Por Alimat Aliyeva
Astrónomos han descubierto un sistema planetario que desafía las teorías convencionales sobre la formación de planetas. El sistema probablemente incluye un planeta rocoso que se formó más allá de las órbitas de sus vecinos gaseosos, después de que la mayor parte del material necesario para la formación planetaria ya se hubiera consumido, según informa AzerNEWS.
El sistema, observado con el telescopio espacial CHEOPS de la Agencia Espacial Europea, consta de dos planetas rocosos y dos planetas gaseosos orbitando una estrella relativamente pequeña y tenue conocida como «enana roja». Esta estrella, llamada LHS 1903, se encuentra a unos 117 años luz en la dirección de la constelación de Leo. Para referencia, un año luz es la distancia que recorre la luz en un año, aproximadamente 9,5 billones de kilómetros.
LHS 1903 tiene aproximadamente la mitad de la masa de nuestro Sol y emite solo alrededor del 5% del brillo solar.
Lo que fascina a los científicos es la inusual disposición de los planetas. El planeta más cercano a la estrella es rocoso, seguido de dos planetas gaseosos más alejados. “Los modelos tradicionales sugieren que los planetas cerca de una estrella deberían ser mundos rocosos pequeños con poco o ningún gas”, explicó Thomas Wilson, astrónomo de la Universidad de Warwick en Inglaterra y autor principal del estudio publicado en Science.
Añadió: “Esto se debe a que las regiones internas de un sistema planetario suelen ser demasiado calientes para que el gas o el hielo permanezcan. Cualquier atmósfera primordial sería eliminada por la radiación estelar. Por el contrario, los planetas que se forman más lejos de la estrella en regiones más frías suelen acumular grandes envolventes gaseosas.
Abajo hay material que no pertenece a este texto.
lemma has_lead_exp_mult:
  assumes "has_lead_exp \<alpha> f" "has_lead_exp \<beta> g"
  shows "has_lead_exp (\<alpha> + \<beta>) (f \<otimes> g)"
proof -
  obtain c l where cl: "\<alpha> \<in> exps n" "c \<in> R - {\<zero>}" "l \<in> lower_span \<alpha>" "f = c \<otimes> M \<alpha> \<oplus> l"
    using assms(1) unfolding has_lead_exp_def by blast
  obtain c' l' where cl': "c' \<in> R - {\<zero>}" "l' \<in> lower_span (\<alpha> + \<beta>)"
    "M \<alpha> \<otimes> g = c' \<otimes> M (\<alpha> + \<beta>) \<oplus> l'"
    using mon_mult_has_lead_exp[OF cl(1) assms(2)] unfolding has_lead_exp_def by blast
  have "f \<otimes> g = (c \<otimes> c') \<otimes> M (\<alpha> + \<beta>) \<oplus> (c \<otimes> l' \<oplus> l \<otimes> g)"
    using cl cl' assms(2) by (simp add: l_distr r_distr m_assoc a_assoc has_lead_exp_closed)
  moreover have "c \<otimes> l' \<oplus> l \<otimes> g \<in> lower_span (\<alpha> + \<beta>)"
    using cl cl' lower_span_mult_has_lead_exp[OF assms(2) cl(3)] mon_span_add mon_span_smult by blast
  ultimately show ?thesis
    using assms cl cl' mult_in_R_nonzero unfolding has_lead_exp_def by (auto simp: add_in_exps)
qed

lemma mon_span_representation:
  assumes "y \<in> mon_span P"
  obtains c T where "finite T" "T \<subseteq> {a \<in> exps n. P a}" "\<forall>a. c a \<in> R" "\<forall>a. a \<notin> T \<longrightarrow> c a = \<zero>"
    "y = (\<Oplus>a\<in>T. c a \<otimes> M a)"
proof -
  have "\<exists>c T. finite T \<and> T \<subseteq> {a \<in> exps n. P a} \<and> (\<forall>a. c a \<in> R) \<and> (\<forall>a. a \<notin> T \<longrightarrow> c a = \<zero>)
      \<and> y = (\<Oplus>a\<in>T. c a \<otimes> M a)"
    using assms
  proof (induction rule: mon_span.induct)
    case zero
    show ?case
      using zero_in_R by (intro exI[of _ "\<lambda>_. \<zero>"] exI[of _ "{}"]) auto
  next
    case (add_scaled_mon r a y)
    then obtain c T where cT: "finite T" "T \<subseteq> {a \<in> exps n. P a}" "\<forall>a. c a \<in> R"
      "\<forall>a. a \<notin> T \<longrightarrow> c a = \<zero>" "y = (\<Oplus>a\<in>T. c a \<otimes> M a)"
      by blast
    define c' where "c' = c(a := r \<oplus> c a)"
    have "(\<Oplus>b\<in>insert a T. c' b \<otimes> M b)
        = (\<Oplus>b\<in>insert a T. c b \<otimes> M b \<oplus> (if b = a then r \<otimes> M b else \<zero>))"
      using cT(3) add_scaled_mon.hyps(1) by (intro finsum_cong') (auto simp: c'_def l_distr a_comm)
    also have "\<dots> = (\<Oplus>b\<in>insert a T. c b \<otimes> M b) \<oplus> r \<otimes> M a"
      using cT add_scaled_mon.hyps(1) add.finprod_singleton_swap[of a "insert a T" "\<lambda>b. r \<otimes> M b"]
      by (simp add: finsum_addf Pi_iff)
    also have "(\<Oplus>b\<in>insert a T. c b \<otimes> M b) = y"
      unfolding cT(5) using cT by (intro add.finprod_mono_neutral_cong_right) (auto simp: Pi_iff)
    finally have "r \<otimes> M a \<oplus> y = (\<Oplus>b\<in>insert a T. c' b \<otimes> M b)"
      using add_scaled_mon.hyps(1) cT by (simp add: a_comm)
    moreover have "\<forall>b. c' b \<in> R"
      using cT(3) add_scaled_mon.hyps(1) add_in_R by (simp add: c'_def)
    ultimately show ?case
      using cT add_scaled_mon.hyps by (intro exI[of _ c'] exI[of _ "insert a T"]) (auto simp: c'_def)
  qed
  with that show thesis by blast
qed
Este sistema desafía esa expectativa, presentando un planeta rocoso más allá de sus vecinos ricos en gas, una configuración que no hemos visto antes”.
En nuestro Sistema Solar, los planetas internos (Mercurio, Venus, Tierra y Marte) son rocosos, mientras que los planetas exteriores son gigantes gaseosos. Los planetas enanos como Plutón, que orbitan más allá de los gigantes gaseosos, son pequeños y helados.
Desde la década de 1990, los astrónomos han descubierto más de 6.100 exoplanetas orbitando estrellas más allá de nuestro Sistema Solar. Sorprendentemente, los cuatro planetas de este sistema recién descubierto orbitan más cerca de LHS 1903 que Mercurio del Sol. El planeta más alejado se encuentra a solo alrededor del 40% de la distancia de Mercurio a nuestro Sol, una configuración común alrededor de las enanas rojas, que tienden a tener masas más pequeñas que el Sol.
Los dos planetas rocosos se clasifican como supertierras, mundos rocosos con una masa aproximadamente diez veces la de la Tierra. Los dos planetas gaseosos son mini-Neptunos, más pequeños que Neptuno pero aún más grandes que la Tierra.
Los investigadores sugieren que los planetas pueden haberse formado secuencialmente en lugar de simultáneamente en un gran disco de gas y polvo alrededor de su estrella. “¿Se formó el cuarto planeta después de que se agotó el gas, o fue el remanente de una colisión que despojó a su atmósfera? El último escenario podría parecer improbable hasta que consideres que el sistema Tierra-Luna se formó a partir de un impacto gigante similar”, dijo Andrew Cameron, astrónomo de la Universidad de St. Andrews en Escocia y coautor del estudio.
Curiosamente, el cuarto planeta podría incluso ser potencialmente habitable. Tiene una masa 5,8 veces la de la Tierra, con una temperatura superficial promedio de alrededor de 60°C, similar a la temperatura más alta jamás registrada en la Tierra, 57°C. “Si bien es extremo según los estándares terrestres, esta temperatura no descarta la habitabilidad. Futuras observaciones con el Telescopio Espacial James Webb podrían revelar más sobre su atmósfera y condiciones superficiales, proporcionando información sobre si podría existir vida allí”, dijo Wilson.
Este sistema no solo desafía nuestra comprensión de la formación de planetas, sino que también ofrece una oportunidad única para estudiar planetas en configuraciones que antes se consideraban imposibles, lo que sugiere que nuestro Sistema Solar puede no ser tan típico como se creía.